## WHAT NEEDS TO BE DONE:
Without changing anything, output the records below.

## Stored data:
+===+

(* Let $\mathbb{A}=(a_{i_1\ldots i_m})\in T_{m,n}$ be a tensor such that, whenever $a_{i_1\ldots i_m}>0$ and $(i_1,\ldots,i_m)$ is not of the form $(i,\ldots,i)$, we have $a_{i_1\ldots i_m}=a_{i_{\sigma(1)}\ldots i_{\sigma(m)}}$ for every permutation $\sigma$ of $\{1,\ldots,m\}$. (1) If $\mathbb{A}$ is a $B_0$ tensor, then either $\mathbb{A}$ is itself a diagonally dominated $Z$ tensor, or $$\mathbb{A}=\mathbb{M}+\sum_{k=1}^s h_k\mathcal{E}^{J_k},$$ where $\mathbb{M}\in T_{m,n}$ is a diagonally dominated $Z$ tensor, $s$ is a positive integer, $h_k>0$ and $J_k\subseteq[n]$ for $k=1,\ldots,s$, and $J_s\subsetneqq J_{s-1}\subsetneqq\cdots\subsetneqq J_1$. (2) If $\mathbb{A}$ is a $B$ tensor, then either $\mathbb{A}$ is itself a strictly diagonally dominated $Z$ tensor, or $\mathbb{A}$ admits a decomposition as in (1) in which $\mathbb{M}$ is a strictly diagonally dominated $Z$ tensor.
   Context: $T_{m,n}$ denotes the set of real $m$th order $n$-dimensional tensors $\mathbb{A}=(a_{i_1i_2\ldots i_m})$ with $i_j\in[n]=\{1,\ldots,n\}$. $\mathbb{A}$ is a $Z$ tensor if $a_{i_1\ldots i_m}\le0$ whenever $(i_1,\ldots,i_m)$ is not of the form $(i,\ldots,i)$. $\mathbb{A}$ is diagonally dominated if for all $i\in[n]$, $a_{i\ldots i}\ge\sum\{|a_{ii_2\ldots i_m}|:(i_2,\ldots,i_m)\ne(i,\ldots,i)\}$, and strictly diagonally dominated if this holds with strict inequality for all $i$. $\mathbb{A}$ is a $B$ tensor if for all $i\in[n]$, $\sum_{i_2,\ldots,i_m=1}^n a_{ii_2\ldots i_m}>0$ and $\frac{1}{n^{m-1}}\sum_{i_2,\ldots,i_m=1}^n a_{ii_2\ldots i_m}>a_{ij_2\ldots j_m}$ for all $(j_2,\ldots,j_m)\neq(i,\ldots,i)$; $\mathbb{A}$ is a $B_0$ tensor if the same two conditions hold with $\ge$ in place of $>$. For $J\subseteq[n]$, the partially all one tensor $\mathcal{E}^J\in T_{m,n}$ has entry $1$ at $(i_1,\ldots,i_m)$ if $i_1,\ldots,i_m\in J$ and $0$ otherwise. *)

theory Defs
  imports Complex_Main "HOL-Combinatorics.Permutations"
begin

+===+

## WRITTEN ANSWER:
(* Let $\mathbb{A}=(a_{i_1\ldots i_m})\in T_{m,n}$ be a tensor such that, whenever $a_{i_1\ldots i_m}>0$ and $(i_1,\ldots,i_m)$ is not of the form $(i,\ldots,i)$, we have $a_{i_1\ldots i_m}=a_{i_{\sigma(1)}\ldots i_{\sigma(m)}}$ for every permutation $\sigma$ of $\{1,\ldots,m\}$. (1) If $\mathbb{A}$ is a $B_0$ tensor, then either $\mathbb{A}$ is itself a diagonally dominated $Z$ tensor, or $$\mathbb{A}=\mathbb{M}+\sum_{k=1}^s h_k\mathcal{E}^{J_k},$$ where $\mathbb{M}\in T_{m,n}$ is a diagonally dominated $Z$ tensor, $s$ is a positive integer, $h_k>0$ and $J_k\subseteq[n]$ for $k=1,\ldots,s$, and $J_s\subsetneqq J_{s-1}\subsetneqq\cdots\subsetneqq J_1$. (2) If $\mathbb{A}$ is a $B$ tensor, then either $\mathbb{A}$ is itself a strictly diagonally dominated $Z$ tensor, or $\mathbb{A}$ admits a decomposition as in (1) in which $\mathbb{M}$ is a strictly diagonally dominated $Z$ tensor.
   Context: $T_{m,n}$ denotes the set of real $m$th order $n$-dimensional tensors $\mathbb{A}=(a_{i_1i_2\ldots i_m})$ with $i_j\in[n]=\{1,\ldots,n\}$. $\mathbb{A}$ is a $Z$ tensor if $a_{i_1\ldots i_m}\le0$ whenever $(i_1,\ldots,i_m)$ is not of the form $(i,\ldots,i)$. $\mathbb{A}$ is diagonally dominated if for all $i\in[n]$, $a_{i\ldots i}\ge\sum\{|a_{ii_2\ldots i_m}|:(i_2,\ldots,i_m)\ne(i,\ldots,i)\}$, and strictly diagonally dominated if this holds with strict inequality for all $i$. $\mathbb{A}$ is a $B$ tensor if for all $i\in[n]$, $\sum_{i_2,\ldots,i_m=1}^n a_{ii_2\ldots i_m}>0$ and $\frac{1}{n^{m-1}}\sum_{i_2,\ldots,i_m=1}^n a_{ii_2\ldots i_m}>a_{ij_2\ldots j_m}$ for all $(j_2,\ldots,j_m)\neq(i,\ldots,i)$; $\mathbb{A}$ is a $B_0$ tensor if the same two conditions hold with $\ge$ in place of $>$. For $J\subseteq[n]$, the partially all one tensor $\mathcal{E}^J\in T_{m,n}$ has entry $1$ at $(i_1,\ldots,i_m)$ if $i_1,\ldots,i_m\in J$ and $0$ otherwise. *)

theory Defs
  imports Complex_Main "HOL-Combinatorics.Permutations"
begin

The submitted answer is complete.